Wednesday, February 18, 2009

Margins and Profit

Before you go any farther, going to let you know up-front: This isn't economics or politics. It's business.

But it's a simple business concept that everyone should understand.

Let me explain the situation. Around a week ago, I met up with some group-mates from my finance class in a lounge around campus. After munching on some delicious Wendy's burgers, we got down to work: we were responsible for running a bank through a simulated economy against the other groups in our class. And we planned on taking it seriously, for a couple reasons.

1. The project is a large portion of our grade. It doesn't matter if we LOSE money, but we need to explain how we arrived at the decisions we did.
2. The winner (IE, the group with the highest stock price at the end) will not have to take the final, and will get to meet the head of the Finance department...hopefully leading to some job connections!

I had spent the previous day staring at the financial statements of the bank for the previous two quarters. And, believe me, it was confusing for a long time. Even if you know the basics of the financial statements, new parts that you've never seen can confuse you if they aren't explained properly. Considering we were just handed statements with numbers on them, yep, I was confused.

But I managed to figure out what was going on with the statements. Our bank didn't seem particularly strong (we were hemorrhaging deposits, losing 5% every quarter. Those are basically personal bank accounts people put in your bank that you use to make money elsewhere), but there was a good opportunity for growth in retail banking by creating mortgages. This basically meant that we will have to open more branches, shift effort away from appealing to business customers, and start focusing and trying to get customer deposits back to get more money to invest,

The story we were given was that consumers are not price-sensitive, so I naturally said that we should advertise a lot, tell our bankers to spend more effort on getting more residential customers, and charge higher rates so we could have better margins.

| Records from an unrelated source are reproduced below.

lemma acc_err_le_scaled:
  assumes "k \<le> K" and "0 \<le> c" and small: "\<delta> * acc_A lam K \<le> c * sqrt (1 - \<sigma>) * norm xs"
    and M: "0 \<le> M" "\<forall>i\<in>{1..K}. norm (x i - xs) \<le> M"
  shows "acc_err \<sigma> \<delta> lam x xs k \<le> c * norm xs * M + c\<^sup>2 * (norm xs)\<^sup>2 / 2"
proof -
  define B where "B = \<delta> * acc_A lam K"
  have "0 \<le> B" unfolding B_def using delta acc_A_nonneg[OF lam_pos] by simp
  have "c * sqrt (1 - \<sigma>) * norm xs \<le> c * 1 * norm xs"
    using sigma \<open>0 \<le> c\<close> by (intro mult_right_mono mult_left_mono) auto
  with small have "B \<le> c * norm xs"
    unfolding B_def by simp
  then have lin: "B * M \<le> c * norm xs * M"
    using M(1) by (rule mult_right_mono)
  have "B\<^sup>2 \<le> (c * sqrt (1 - \<sigma>) * norm xs)\<^sup>2"
    using small \<open>0 \<le> B\<close> unfolding B_def by (intro power_mono)
  also have "\<dots> = c\<^sup>2 * (1 - \<sigma>) * (norm xs)\<^sup>2"
    using sigma by (simp add: power_mult_distrib)
  finally have "B\<^sup>2 / (2 * (1 - \<sigma>)) \<le> c\<^sup>2 * (norm xs)\<^sup>2 / 2"
    using sigma by (simp add: field_simps)
  with lin show ?thesis
    using acc_err_le_max[OF lam_pos \<open>k \<le> K\<close> delta sigma(2) M] unfolding B_def by linarith
qed

lemma dist_iterates_le:
  assumes xs_min: "\<And>z. g xs \<le> g z" and "1 \<le> K" "0 \<le> c"
    and small: "\<delta> * acc_A lam K \<le> c * sqrt (1 - \<sigma>) * norm xs"
    and "i \<in> {1..K}"
  shows "norm (x i - xs) \<le> (1 + 5/2 * c) * norm xs"
proof -
  define M where "M = Max ((\<lambda>i. norm (x i - xs)) ` {1..K})"
  \<comment> \<open>The error is linear in \<open>M\<close>, so the potential bound at an iterate attaining \<open>M\<close>
    is a quadratic inequality for \<open>M\<close>.\<close>
  have M_ge: "\<forall>i\<in>{1..K}. norm (x i - xs) \<le> M"
    unfolding M_def by simp
  have "M \<in> (\<lambda>i. norm (x i - xs)) ` {1..K}"
    unfolding M_def using \<open>1 \<le> K\<close> by (intro Max_in) auto
  then obtain i0 where i0: "i0 \<in> {1..K}" "M = norm (x i0 - xs)"
    by blast
  then have "0 \<le> M" by simp
  have "0 \<le> acc_A lam i0 * (g (y i0) - g xs)"
    using acc_A_nonneg[of i0 lam] lam_pos i0(1) xs_min[of "y i0"] by simp
  then have "M\<^sup>2 \<le> (norm xs)\<^sup>2 + 2 * acc_err \<sigma> \<delta> lam x xs i0"
    using potential_le[of i0 xs] acc_residual_nonneg[of i0] i0 by simp
  also have "\<dots> \<le> (norm xs)\<^sup>2 + 2 * (c * norm xs * M + c\<^sup>2 * (norm xs)\<^sup>2 / 2)"
    using acc_err_le_scaled[of i0 c xs M] i0(1) \<open>0 \<le> c\<close> small \<open>0 \<le> M\<close> M_ge by simp
  finally have "M\<^sup>2 \<le> (1 + c\<^sup>2) * (norm xs)\<^sup>2 + 2 * c * norm xs * M"
    by (simp add: algebra_simps)
  then have "M \<le> (1 + 5/2 * c) * norm xs"
    using quadratic_bound_imp_le \<open>0 \<le> c\<close> norm_ge_zero by blast
  with M_ge \<open>i \<in> {1..K}\<close> show ?thesis by (meson order_trans)
qed

lemma acc_err_bound:
  assumes xs_min: "\<And>z. g xs \<le> g z" and "1 \<le> K" "0 \<le> c"
    and small: "\<delta> * acc_A lam K \<le> c * sqrt (1 - \<sigma>) * norm xs"
    and "k \<in> {1..K}"
  shows "acc_err \<sigma> \<delta> lam x xs k \<le> c * (1 + 3 * c) * (norm xs)\<^sup>2"
proof -
  have "acc_err \<sigma> \<delta> lam x xs k
      \<le> c * norm xs * ((1 + 5/2 * c) * norm xs) + c\<^sup>2 * (norm xs)\<^sup>2 / 2"
    using assms dist_iterates_le[OF xs_min \<open>1 \<le> K\<close> \<open>0 \<le> c\<close> small]
    by (intro acc_err_le_scaled) auto
  also have "\<dots> = c * (1 + 3 * c) * (norm xs)\<^sup>2"
    by (simp add: power2_eq_square algebra_simps)
  finally show ?thesis .
qed
(* Let $x,y \in A$ be a regular exact pair of zero divisors. Furthermore, let $a,b \in A$ be elements such that $a$ or $b$ is weakly regular on the $A$-module $A/(x,y)$. Then the $A$-submodule \[ Q_{\eta_b,\gamma_a} = \big\{\, \psi \in \operatorname{M}_2(A) \,\big|\, \psi\eta_b=\gamma_a\xi \text{ for some } \xi \in \operatorname{M}_2(A) \,\big\} \] of $\operatorname{M}_2(A)$ is generated by the following five matrices: \[ \psi_1 = \begin{pmatrix} 0 & 1 \\ 0 & 0 \end{pmatrix},\ \psi_2 = \begin{pmatrix} 0 & 0 \\ x & b \end{pmatrix},\ \psi_3 = \begin{pmatrix} 0 & 0 \\ 0 & y \end{pmatrix},\ \psi_4 = \begin{pmatrix} x & 0 \\ 0 & 0 \end{pmatrix},\ \psi_5 = \begin{pmatrix} a & 0 \\ y & 0 \end{pmatrix}. \]
   Context: $A$ is a commutative noetherian local ring. Two non-units $x,y\in A$ form an exact pair of zero divisors if $\operatorname{Ann}_A(x)=(y)$ and $\operatorname{Ann}_A(y)=(x)$; the pair is regular if moreover $(x)\cap(y)=0$ (equivalently, $x$ is regular on $A/(y)$, equivalently $y$ is regular on $A/(x)$). An element $a$ is weakly regular on an $A$-module $M$ if multiplication by $a$ on $M$ is injective. For $c\in A$, $\gamma_c$ and $\eta_c$ are the $2\times 2$ matrices $\gamma_c=\begin{pmatrix} x & c\\ 0 & y\end{pmatrix}$ and $\eta_c=\begin{pmatrix} y & -c\\ 0 & x\end{pmatrix}$, and $\operatorname{M}_2(A)$ denotes the $A$-module of $2\times 2$ matrices over $A$. *)

theory Defs
  imports "HOL-Analysis.Analysis"
begin

definition is_ideal :: "'a::comm_ring_1 set \<Rightarrow> bool" where
  "is_ideal I \<longleftrightarrow> 0 \<in> I \<and> (\<forall>u\<in>I. \<forall>v\<in>I. u + v \<in> I) \<and> (\<forall>r. \<forall>u\<in>I. r * u \<in> I)"

definition gen_ideal :: "'a::comm_ring_1 set \<Rightarrow> 'a set" where
  "gen_ideal S = {t. \<exists>r. t = (\<Sum>s\<in>S. r s * s)}"

definition noetherian_ring :: "'a::comm_ring_1 itself \<Rightarrow> bool" where
  "noetherian_ring _ \<longleftrightarrow> (\<forall>I::'a set. is_ideal I \<longrightarrow> (\<exists>S. finite S \<and> I = gen_ideal S))"

definition maximal_ideal :: "'a::comm_ring_1 set \<Rightarrow> bool" where
  "maximal_ideal m \<longleftrightarrow> is_ideal m \<and> m \<noteq> UNIV \<and>
     (\<forall>J. is_ideal J \<and> m \<subseteq> J \<longrightarrow> J = m \<or> J = UNIV)"

definition local_ring :: "'a::comm_ring_1 itself \<Rightarrow> bool" where
  "local_ring _ \<longleftrightarrow> (\<exists>!m::'a set. maximal_ideal m)"

definition Ann :: "'a::comm_ring_1 \<Rightarrow> 'a set" where
  "Ann x = {r. r * x = 0}"

definition pideal :: "'a::comm_ring_1 \<Rightarrow> 'a set" where
  "pideal x = {r * x | r. True}"

definition ideal2 :: "'a::comm_ring_1 \<Rightarrow> 'a \<Rightarrow> 'a set" where
  "ideal2 x y = {r * x + s * y | r s. True}"

definition exact_pair :: "'a::comm_ring_1 \<Rightarrow> 'a \<Rightarrow> bool" where
  "exact_pair x y \<longleftrightarrow> \<not> x dvd 1 \<and> \<not> y dvd 1 \<and> Ann x = pideal y \<and> Ann y = pideal x"

definition regular_exact_pair :: "'a::comm_ring_1 \<Rightarrow> 'a \<Rightarrow> bool" where
  "regular_exact_pair x y \<longleftrightarrow> exact_pair x y \<and> pideal x \<inter> pideal y = {0}"

text \<open>a is weakly regular on the module A/I: multiplication by a on A/I is injective,
  i.e. a*m \<in> I implies m \<in> I.\<close>
definition weakly_regular_quot :: "'a::comm_ring_1 \<Rightarrow> 'a set \<Rightarrow> bool" where
  "weakly_regular_quot a I \<longleftrightarrow> (\<forall>m. a * m \<in> I \<longrightarrow> m \<in> I)"

definition mat2 :: "'a::zero \<Rightarrow> 'a \<Rightarrow> 'a \<Rightarrow> 'a \<Rightarrow> 'a^2^2" where
  "mat2 p q r s = (\<chi> i j. if i = 1 then (if j = 1 then p else q) else (if j = 1 then r else s))"

definition mscale :: "'a::times \<Rightarrow> 'a^2^2 \<Rightarrow> 'a^2^2" where
  "mscale c M = (\<chi> i j. c * (M $ i $ j))"

definition gamma_mat :: "'a::comm_ring_1 \<Rightarrow> 'a \<Rightarrow> 'a \<Rightarrow> 'a^2^2" where
  "gamma_mat x y c = mat2 x c 0 y"

definition eta_mat :: "'a::comm_ring_1 \<Rightarrow> 'a \<Rightarrow> 'a \<Rightarrow> 'a^2^2" where
  "eta_mat x y c = mat2 y (- c) 0 x"

definition Qset :: "'a::comm_ring_1^2^2 \<Rightarrow> 'a^2^2 \<Rightarrow> ('a^2^2) set" where
  "Qset eta gamma = {psi. \<exists>xi. psi ** eta = gamma ** xi}"

definition span_mats :: "('a::comm_ring_1^2^2) list \<Rightarrow> ('a^2^2) set" where
  "span_mats Ms = {M. \<exists>c. M = (\<Sum>i<length Ms. mscale (c i) (Ms ! i))}"

end

theory Submission
  imports Defs
begin

text \<open>Write \<open>\<psi> = (p q; r s)\<close> and \<open>\<xi> = (e f; g h)\<close>, so that \<open>\<psi>\<eta>\<^sub>b = \<gamma>\<^sub>a\<xi>\<close> is a system
  of four scalar equations. The (2,1) equation \<open>r y = y g\<close> says \<open>g \<equiv> r\<close> modulo \<open>x\<close>, since
  \<open>Ann y = (x)\<close>. If \<open>a\<close> is weakly regular on \<open>A/(x,y)\<close>, the (1,1) equation \<open>p y = x e + a g\<close>
  puts \<open>g\<close> into \<open>(x,y)\<close>; if \<open>b\<close> is, the (2,2) equation \<open>s x - r b = y h\<close> puts \<open>r\<close> there.
  Either way \<open>r = u x + v y\<close> and \<open>g \<equiv> v y\<close> modulo \<open>x\<close>. The same two equations then give
  \<open>(p - a v) y \<in> (x)\<close> and \<open>(s - u b) x \<in> (y)\<close>, and regularity of the pair cancels \<open>y\<close>
  resp. \<open>x\<close>: these are the coefficients of \<open>\<psi>\<^sub>1, \<dots>, \<psi>\<^sub>5\<close>. Conversely, for \<open>\<psi>\<close> in the span
  the four equations are solved directly, using \<open>x y = 0\<close>.\<close>

lemma mat2_eq_iff:
  "mat2 p q r s = (mat2 p' q' r' s' :: 'a::zero^2^2) \<longleftrightarrow> p = p' \<and> q = q' \<and> r = r' \<and> s = s'"
  by (simp add: mat2_def vec_eq_iff forall_2)

lemma mat2_cases:
  fixes M :: "'a::zero^2^2"
  obtains p q r s where "M = mat2 p q r s"
proof
  show "M = mat2 (M$1$1) (M$1$2) (M$2$1) (M$2$2)"
    by (simp add: mat2_def vec_eq_iff forall_2)
qed

lemma mat2_mult_mat2:
  "mat2 p q r s ** mat2 p' q' r' s' =
   (mat2 (p * p' + q * r') (p * q' + q * s') (r * p' + s * r') (r * q' + s * s') :: 'a::comm_ring_1^2^2)"
  by (simp add: mat2_def vec_eq_iff forall_2 matrix_matrix_mult_def sum_2)

lemma mat2_add_mat2:
  "mat2 p q r s + mat2 p' q' r' s' = (mat2 (p + p') (q + q') (r + r') (s + s') :: 'a::comm_ring_1^2^2)"
  by (simp add: mat2_def vec_eq_iff forall_2)

lemma mscale_mat2: "mscale c (mat2 p q r s) = mat2 (c * p) (c * q) (c * r) (c * s)"
  by (simp add: mat2_def mscale_def vec_eq_iff forall_2)

lemma mat2_in_Qset_eta_gamma_iff:
  "mat2 p q r s \<in> Qset (eta_mat x y b) (gamma_mat x y a) \<longleftrightarrow>
   (\<exists>e f g h. p * y = x * e + a * g \<and> - p * b + q * x = x * f + a * h \<and>
              r * y = y * g \<and> - r * b + s * x = y * h)"
proof -
  have "mat2 p q r s \<in> Qset (eta_mat x y b) (gamma_mat x y a) \<longleftrightarrow>
        (\<exists>e f g h. mat2 p q r s ** eta_mat x y b = gamma_mat x y a ** mat2 e f g h)"
    unfolding Qset_def mem_Collect_eq
  proof
    assume "\<exists>\<xi>. mat2 p q r s ** eta_mat x y b = gamma_mat x y a ** \<xi>"
    then obtain \<xi> where "mat2 p q r s ** eta_mat x y b = gamma_mat x y a ** \<xi>" ..
    moreover obtain e f g h where "\<xi> = mat2 e f g h"
      by (rule mat2_cases)
    ultimately show "\<exists>e f g h. mat2 p q r s ** eta_mat x y b = gamma_mat x y a ** mat2 e f g h"
      by blast
  qed blast
  also have "\<dots> \<longleftrightarrow> (\<exists>e f g h. p * y = x * e + a * g \<and> - p * b + q * x = x * f + a * h \<and>
                                r * y = y * g \<and> - r * b + s * x = y * h)"
    by (simp add: eta_mat_def gamma_mat_def mat2_mult_mat2 mat2_eq_iff)
  finally show ?thesis .
qed

lemma mat2_in_span_mats_iff:
  "mat2 p q r s \<in> span_mats [mat2 0 1 0 0, mat2 0 0 x b, mat2 0 0 0 y, mat2 x 0 0 0, mat2 a 0 y 0] \<longleftrightarrow>
   (\<exists>c\<^sub>1 c\<^sub>2 c\<^sub>3 c\<^sub>4 c\<^sub>5. p = c\<^sub>4 * x + c\<^sub>5 * a \<and> q = c\<^sub>1 \<and> r = c\<^sub>2 * x + c\<^sub>5 * y \<and> s = c\<^sub>2 * b + c\<^sub>3 * y)"
  (is "_ \<in> span_mats ?\<psi> \<longleftrightarrow> (\<exists>c\<^sub>1 c\<^sub>2 c\<^sub>3 c\<^sub>4 c\<^sub>5. ?P c\<^sub>1 c\<^sub>2 c\<^sub>3 c\<^sub>4 c\<^sub>5)")
proof -
  have sum_eq: "(\<Sum>i<length ?\<psi>. mscale (c i) (?\<psi> ! i))
      = mat2 (c 3 * x + c 4 * a) (c 0) (c 1 * x + c 4 * y) (c 1 * b + c 2 * y)" for c
    by (simp add: numeral_eq_Suc lessThan_Suc mscale_mat2 mat2_add_mat2 algebra_simps)
  have "mat2 p q r s \<in> span_mats ?\<psi> \<longleftrightarrow> (\<exists>c::nat \<Rightarrow> 'a. ?P (c 0) (c 1) (c 2) (c 3) (c 4))"
    unfolding span_mats_def sum_eq mem_Collect_eq mat2_eq_iff by blast
  also have "\<dots> \<longleftrightarrow> (\<exists>c\<^sub>1 c\<^sub>2 c\<^sub>3 c\<^sub>4 c\<^sub>5. ?P c\<^sub>1 c\<^sub>2 c\<^sub>3 c\<^sub>4 c\<^sub>5)"
  proof
    assume "\<exists>c\<^sub>1 c\<^sub>2 c\<^sub>3 c\<^sub>4 c\<^sub>5. ?P c\<^sub>1 c\<^sub>2 c\<^sub>3 c\<^sub>4 c\<^sub>5"
    then obtain c\<^sub>1 c\<^sub>2 c\<^sub>3 c\<^sub>4 c\<^sub>5 where "?P c\<^sub>1 c\<^sub>2 c\<^sub>3 c\<^sub>4 c\<^sub>5" by blast
    then show "\<exists>c::nat \<Rightarrow> 'a. ?P (c 0) (c 1) (c 2) (c 3) (c 4)"
      by (intro exI[of _ "(!) [c\<^sub>1, c\<^sub>2, c\<^sub>3, c\<^sub>4, c\<^sub>5]"]) (simp add: numeral_eq_Suc)
  qed blast
  finally show ?thesis .
qed

lemma regular_exact_pair_sym: "regular_exact_pair x y \<Longrightarrow> regular_exact_pair y x"
  unfolding regular_exact_pair_def exact_pair_def by (simp add: Int_commute)

lemma regular_exact_pair_mult_eq_0:
  assumes "regular_exact_pair x y"
  shows "x * y = 0"
proof -
  have "y = 1 * y"
    by simp
  then have "y \<in> pideal y"
    unfolding pideal_def by blast
  also have "pideal y = Ann x"
    using assms unfolding regular_exact_pair_def exact_pair_def by simp
  finally show ?thesis
    by (simp add: Ann_def mult.commute)
qed

lemma regular_exact_pair_dvd_cancel:
  assumes "regular_exact_pair x y" and "x dvd z * y"
  shows "x dvd z"
proof -
  from assms(2) obtain k where "z * y = k * x"
    by (auto simp: dvd_def mult.commute)
  then have "z * y \<in> pideal x \<inter> pideal y"
    unfolding pideal_def by blast
  then have "z \<in> Ann y"
    using assms(1) unfolding regular_exact_pair_def Ann_def by simp
  also have "Ann y = pideal x"
    using assms(1) unfolding regular_exact_pair_def exact_pair_def by simp
  finally have "z \<in> pideal x" .
  then show ?thesis
    unfolding pideal_def by auto
qed

lemma weakly_regular_quot_ideal2E:
  assumes "weakly_regular_quot c (ideal2 x y)" and "c * m = k * x + l * y"
  obtains u v where "m = u * x + v * y"
proof -
  have "c * m \<in> ideal2 x y"
    unfolding ideal2_def using assms(2) by blast
  then have "m \<in> ideal2 x y"
    using assms(1) unfolding weakly_regular_quot_def by blast
  then show ?thesis
    using that unfolding ideal2_def by blast
qed

lemma eta_gamma_eqs_imp_span_entries_decomposed:
  fixes x y a b :: "'a::comm_ring_1"
  assumes pair: "regular_exact_pair x y"
    and r: "r = u * x + v * y" and g: "g = v * y + w * x"
    and eq11: "p * y = x * e + a * g" and eq22: "- r * b + s * x = y * h"
  shows "\<exists>c\<^sub>3 c\<^sub>4. p = c\<^sub>4 * x + v * a \<and> s = u * b + c\<^sub>3 * y"
proof -
  have "(p - a * v) * y = x * (e + a * w)"
    using eq11 by (simp add: g algebra_simps)
  then have "x dvd (p - a * v) * y"
    by (rule dvdI)
  then have "x dvd p - a * v"
    by (rule regular_exact_pair_dvd_cancel[OF pair])
  then obtain c\<^sub>4 where c4: "p - a * v = x * c\<^sub>4" ..
  have "(s - u * b) * x = y * (h + v * b)"
    using eq22 by (simp add: r algebra_simps)
  then have "y dvd (s - u * b) * x"
    by (rule dvdI)
  then have "y dvd s - u * b"
    by (rule regular_exact_pair_dvd_cancel[OF regular_exact_pair_sym[OF pair]])
  then obtain c\<^sub>3 where c3: "s - u * b = y * c\<^sub>3" ..
  from c4 c3 have "p = c\<^sub>4 * x + v * a" "s = u * b + c\<^sub>3 * y"
    by (simp_all add: diff_eq_eq algebra_simps)
  then show ?thesis
    by blast
qed

lemma eta_gamma_eqs_imp_span_entries:
  fixes x y a b :: "'a::comm_ring_1"
  assumes pair: "regular_exact_pair x y"
    and weakly_regular: "weakly_regular_quot a (ideal2 x y) \<or> weakly_regular_quot b (ideal2 x y)"
    and eq11: "p * y = x * e + a * g" and eq21: "r * y = y * g" and eq22: "- r * b + s * x = y * h"
  shows "\<exists>c\<^sub>2 c\<^sub>3 c\<^sub>4 c\<^sub>5. p = c\<^sub>4 * x + c\<^sub>5 * a \<and> r = c\<^sub>2 * x + c\<^sub>5 * y \<and> s = c\<^sub>2 * b + c\<^sub>3 * y"
proof -
  have "(g - r) * y = 0"
    using eq21 by (simp add: algebra_simps)
  then have "x dvd (g - r) * y"
    by simp
  then have "x dvd g - r"
    by (rule regular_exact_pair_dvd_cancel[OF pair])
  then obtain t where "g - r = x * t" ..
  then have t: "g = r + x * t"
    by (simp add: diff_eq_eq add.commute)
  obtain u v where r: "r = u * x + v * y"
    using weakly_regular
  proof
    assume "weakly_regular_quot a (ideal2 x y)"
    moreover have "a * g = (- e) * x + p * y"
      using eq11 by (simp add: algebra_simps)
    ultimately obtain u v where "g = u * x + v * y"
      by (rule weakly_regular_quot_ideal2E)
    with t have "r = (u - t) * x + v * y"
      by (simp add: algebra_simps)
    then show ?thesis by (rule that)
  next
    assume "weakly_regular_quot b (ideal2 x y)"
    moreover have "b * r = s * x + (- h) * y"
      using eq22 by (simp add: algebra_simps)
    ultimately obtain u v where "r = u * x + v * y"
      by (rule weakly_regular_quot_ideal2E)
    then show ?thesis by (rule that)
  qed
  moreover have "g = v * y + (u + t) * x"
    using r t by (simp add: algebra_simps)
  ultimately show ?thesis
    using eta_gamma_eqs_imp_span_entries_decomposed[OF pair _ _ eq11 eq22] by blast
qed

lemma span_entries_imp_eta_gamma_eqs:
  fixes x y a b :: "'a::comm_ring_1"
  assumes xy: "x * y = 0"
    and "p = c\<^sub>4 * x + c\<^sub>5 * a" "r = c\<^sub>2 * x + c\<^sub>5 * y" "s = c\<^sub>2 * b + c\<^sub>3 * y"
  shows "\<exists>e f g h. p * y = x * e + a * g \<and> - p * b + q * x = x * f + a * h \<and>
                   r * y = y * g \<and> - r * b + s * x = y * h"
proof -
  have "p * y = c\<^sub>4 * (x * y) + a * (c\<^sub>5 * y)" "r * y = c\<^sub>2 * (x * y) + y * (c\<^sub>5 * y)"
       "- r * b + s * x = c\<^sub>3 * (x * y) + y * (- c\<^sub>5 * b)"
       "- p * b + q * x = x * (q - c\<^sub>4 * b) + a * (- c\<^sub>5 * b)"
    unfolding assms(2-4) by (simp_all add: algebra_simps)
  then show ?thesis
    by (intro exI[of _ 0] exI[of _ "q - c\<^sub>4 * b"] exI[of _ "c\<^sub>5 * y"] exI[of _ "- c\<^sub>5 * b"])
      (simp add: xy)
qed

theorem lemma7p3:
  fixes x y a b :: "'a::comm_ring_1"
  assumes "noetherian_ring TYPE('a)"
    and "local_ring TYPE('a)"
    and "regular_exact_pair x y"
    and "weakly_regular_quot a (ideal2 x y) \<or> weakly_regular_quot b (ideal2 x y)"
  shows "Qset (eta_mat x y b) (gamma_mat x y a) =
         span_mats [mat2 0 1 0 0, mat2 0 0 x b, mat2 0 0 0 y, mat2 x 0 0 0, mat2 a 0 y 0]"
proof (rule set_eqI)
  fix M :: "'a^2^2"
  obtain p q r s where M: "M = mat2 p q r s"
    by (rule mat2_cases)
  show "M \<in> Qset (eta_mat x y b) (gamma_mat x y a) \<longleftrightarrow>
        M \<in> span_mats [mat2 0 1 0 0, mat2 0 0 x b, mat2 0 0 0 y, mat2 x 0 0 0, mat2 a 0 y 0]"
    unfolding M mat2_in_Qset_eta_gamma_iff mat2_in_span_mats_iff
    using eta_gamma_eqs_imp_span_entries[OF assms(3,4)]
      span_entries_imp_eta_gamma_eqs[OF regular_exact_pair_mult_eq_0[OF assms(3)]]
    by blast
qed

end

My friend asked me "So we're going to advertise that we have higher mortgage rates?"

There ain't nothing wrong with asking the question and thinking like a businessman, which includes thinking competitively. It's so common sense that people all across the nation can think like this: cut prices, and that way you can attract more customers and beat your competition. But there are limitations to this kind of thinking.

For example, the most obvious one is that customers might not care about price very much. Starbucks can charge $4 for a cup of coffee, when I can make my own at home for 30 cents. Obviously, price isn't the biggest factor.

Scale can also be a big factor. Sure, by reducing your prices, you might get more customers. What happens if your store or bank cannot handle all those customers? Just as there are economies of scale, so there are diseconomies of scale. Once you are producing beyond a certain point, your costs actually start to rise.

For a bank, you might not have enough employees, so your quality of service suffers. That's REALLY bad if customers also care more about service than price, so you are driving them right in the arms of your competitors. You might also lose the ability to exercise due diligence on loans: you can't spend 6 hours vetting every single person asking for a mortgage when you have one guy to approve them and 1,000 people begging for loans because you are charing 6% whereas everyone else is charging 10%.

And you can't hire more workers either: your bank is only so big! Buying another bank? Extremely expensive, and can't do it because you can't make money when you are charging 6% for a mortgage and giving out 5% on savings accounts. Or, if you CAN make money, it's extremely risky...if you don't get as many loans as you want, your stuck with two banks. Which means you might very go well bankrupt. Plus, hiring more employees means you lose your own personal control. You can't watch over 30 managers as easily as you can watch over 10.


So, if your company is running into trouble, the idea of cutting your prices seems very attractive. Often times, though, it's really a trap and might put your company even more into the dumps.